AuditLog's centralized review workflow also addresses the consistency problem that tends to emerge at scale. Different reviewers apply different standards to similar risk scenarios in organizations that manage large carrier networks across multiple users and teams. AuditLog creates a single, documented process that applies across the organization, all of which reduces the variability that can undermine both operational quality and legal defensibility.

"As a long-standing Descartes customer, we're pleased to see the ongoing commitment to expand the carrier vetting capabilities available within the platform," said Holly Phillips, Director of Accounts Receivable at Bridgeway. "In the wake of the Montgomery decision, the ability to leverage customizable carrier risk assessments and conduct deeper carrier reviews directly within the carrier profile will be increasingly valuable as organizations look to strengthen and document their carrier selection processes."

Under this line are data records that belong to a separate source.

(* Let $N\in\mathbb{N}$ and let $\mathbf{X}$ be an $\mathbb{R}^N$-valued Gaussian random vector with zero mean and symmetric positive-definite covariance matrix $\Sigma$. Fix $l\in\mathbb{N}_0$, let $K_{N,l}=\binom{N+l-1}{l}$, and let $\Psi_l(\mathbf{x};\Sigma)\in\mathbb{R}^{K_{N,l}}$ be a column vector whose entries are the polynomials $\Psi_{\mathbf{j}}(\mathbf{x};\Sigma)$, $|\mathbf{j}|=l$, $\mathbf{j}\in\mathbb{N}_0^N$, in some fixed order. Then the $K_{N,l}\times K_{N,l}$ matrix $\mathbf{A}_l=\mathbb{E}[\Psi_l(\mathbf{X};\Sigma)\Psi_l^T(\mathbf{X};\Sigma)]$ is symmetric and positive-definite.
   Context: For $\mathbf{j}\in\mathbb{N}_0^N$, $|\mathbf{j}|=j_1+\dots+j_N$ and $(\partial/\partial\mathbf{x})^{\mathbf{j}}=\partial^{|\mathbf{j}|}/\partial x_1^{j_1}\cdots\partial x_N^{j_N}$. The density of $\mathbf{X}$ is $\phi(\mathbf{x};\Sigma)=(2\pi)^{-N/2}(\det\Sigma)^{-1/2}\exp(-\tfrac12\mathbf{x}^T\Sigma^{-1}\mathbf{x})$; $H_{\mathbf{j}}(\mathbf{x};\Sigma)=\frac{(-1)^{|\mathbf{j}|}}{\phi(\mathbf{x};\Sigma)}\left(\frac{\partial}{\partial\mathbf{x}}\right)^{\mathbf{j}}\phi(\mathbf{x};\Sigma)$ and $\Psi_{\mathbf{j}}(\mathbf{x};\Sigma)=H_{\mathbf{j}}(\mathbf{x};\Sigma)/\sqrt{\mathbb{E}[H_{\mathbf{j}}^2(\mathbf{X};\Sigma)]}$. *)

theory Defs
  imports "HOL-Probability.Probability"
begin

definition pdiff :: "'n::finite \<Rightarrow> (real^'n \<Rightarrow> real) \<Rightarrow> (real^'n \<Rightarrow> real)" where
  "pdiff i f = (\<lambda>x. deriv (\<lambda>t. f (x + t *\<^sub>R axis i 1)) 0)"

definition mi_order :: "('n::finite \<Rightarrow> nat) \<Rightarrow> nat" where
  "mi_order j = (\<Sum>i\<in>UNIV. j i)"

text \<open>The order of differentiation is fixed by an (arbitrary) list of directions in which each i
  occurs exactly j i times; for smooth functions (as used here) the result does not depend on it.\<close>
definition mderiv :: "('n::finite \<Rightarrow> nat) \<Rightarrow> (real^'n \<Rightarrow> real) \<Rightarrow> (real^'n \<Rightarrow> real)" where
  "mderiv j f = foldr pdiff (SOME ds. \<forall>i. count_list ds i = j i) f"

definition gauss_density :: "real^'n^'n \<Rightarrow> real^'n \<Rightarrow> real" where
  "gauss_density S x =
     (2 * pi) powr (- real CARD('n) / 2) * (det S) powr (- 1 / 2)
       * exp (- (1/2) * (x \<bullet> (matrix_inv S *v x)))"

definition hermite :: "real^'n^'n \<Rightarrow> ('n::finite \<Rightarrow> nat) \<Rightarrow> real^'n \<Rightarrow> real" where
  "hermite S j x = (- 1) ^ mi_order j / gauss_density S x * mderiv j (gauss_density S) x"

definition psi :: "real^'n^'n \<Rightarrow> ('n::finite \<Rightarrow> nat) \<Rightarrow> real^'n \<Rightarrow> real" where
  "psi S j x = hermite S j x /
     sqrt (LINT y|lborel. (hermite S j y)^2 * gauss_density S y)"

definition pos_def_mat :: "nat \<Rightarrow> (nat \<Rightarrow> nat \<Rightarrow> real) \<Rightarrow> bool" where
  "pos_def_mat K A \<longleftrightarrow>
     (\<forall>v::nat \<Rightarrow> real. (\<exists>a<K. v a \<noteq> 0) \<longrightarrow> (\<Sum>a<K. \<Sum>b<K. v a * A a b * v b) > 0)"

end

theory Submission
  imports Defs
begin

text \<open>By the Gaussian integral formula, \<open>v\<^sup>T A\<^sub>l v = E[g(X)\<^sup>2]\<close> for the polynomial
  \<open>g = \<Sum>\<^sub>a v\<^sub>a \<Psi>\<^sub>j\<^sub>a\<close>, and this is positive unless \<open>g\<close> vanishes identically, the Gaussian
  density being continuous and positive. Differentiating \<open>\<phi>\<close> repeatedly shows that
  \<open>H\<^sub>j\<close> is a polynomial of degree \<open>|j|\<close> whose top-degree part is \<open>\<Prod>\<^sub>i ((\<Sigma>\<^sup>-\<^sup>1x)\<^sub>i)^j\<^sub>i\<close>.
  Hence if \<open>g = 0\<close>, scaling \<open>x = s\<Sigma>y\<close> with \<open>s \<rightarrow> \<infinity>\<close> yields a vanishing linear
  combination of the monomials \<open>y\<^sup>j\<close>, \<open>|j| = l\<close>, so all \<open>v\<^sub>a\<close> are zero.\<close>

inductive polyfun :: "nat \<Rightarrow> (real^'n::finite \<Rightarrow> real) \<Rightarrow> bool" where
  polyfun_const: "polyfun k (\<lambda>x. c)"
| polyfun_inner: "polyfun 1 (\<lambda>x. a \<bullet> x)"
| polyfun_add: "polyfun k p \<Longrightarrow> polyfun k q \<Longrightarrow> polyfun k (\<lambda>x. p x + q x)"
| polyfun_mult: "polyfun k p \<Longrightarrow> polyfun m q \<Longrightarrow> polyfun (k + m) (\<lambda>x. p x * q x)"
| polyfun_mono: "polyfun k p \<Longrightarrow> k \<le> m \<Longrightarrow> polyfun m p"

lemma polyfun_continuous_on: "polyfun k p \<Longrightarrow> continuous_on UNIV p"
  by (induction rule: polyfun.induct) (auto intro!: continuous_intros)

lemma polyfun_borel_measurable: "polyfun k p \<Longrightarrow> p \<in> borel_measurable borel"
  using polyfun_continuous_on borel_measurable_continuous_onI by blast

lemma polyfun_cmult: "polyfun k p \<Longrightarrow> polyfun k (\<lambda>x. c * p x)"
  using polyfun_mult[OF polyfun_const, of k p 0 c] by simp

lemma polyfun_diff: "polyfun k p \<Longrightarrow> polyfun k q \<Longrightarrow> polyfun k (\<lambda>x. p x - q x)"
  using polyfun_add[of k p "\<lambda>x. (-1) * q x"] polyfun_cmult[of k q "-1"] by simp

lemma polyfun_sum:
  "finite A \<Longrightarrow> (\<And>a. a \<in> A \<Longrightarrow> polyfun k (f a)) \<Longrightarrow> polyfun k (\<lambda>x. \<Sum>a\<in>A. f a x)"
  by (induction A rule: finite_induct) (auto intro: polyfun_const polyfun_add)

Beyond litigation defense, AuditLog is designed to support the broader compliance and governance initiatives that shippers and enterprise 3PLs increasingly require from their logistics partners. As carrier networks grow more complex and shipper expectations around carrier vetting accountability rise, having a centralized, standardized audit record becomes a competitive differentiator as much as a legal safeguard.

The window to get documentation practices in order is not indefinite

AuditLog is available for all Descartes MyCarrierPortal customers. The capability integrates into existing carrier onboarding workflows without requiring platform reconfiguration, and supports both broker and shipper use cases across a range of carrier network sizes.

Freight intermediaries across the country are still figuring out how they're going to navigate the post-Montgomery landscape. The window to get documentation practices in order is not indefinite. Claims take time to surface. By the time a broker is asked to produce records of a carrier vetting decision, that decision may be 12 or 24 months in the rearview mirror. That means the time to start building those records is now.

For small carriers, the takeaway is this: when you're vetting a new broker, ask how they document their carrier approval decisions. If the answer involves verbal approvals, email threads, or TMS notes, that broker is not prepared for the post-Montgomery world. That lack of preparation may signal broader operational risk. Brokers who can't document their own vetting process are less likely to have the systems in place to pay you on time or protect you from double-brokering schemes.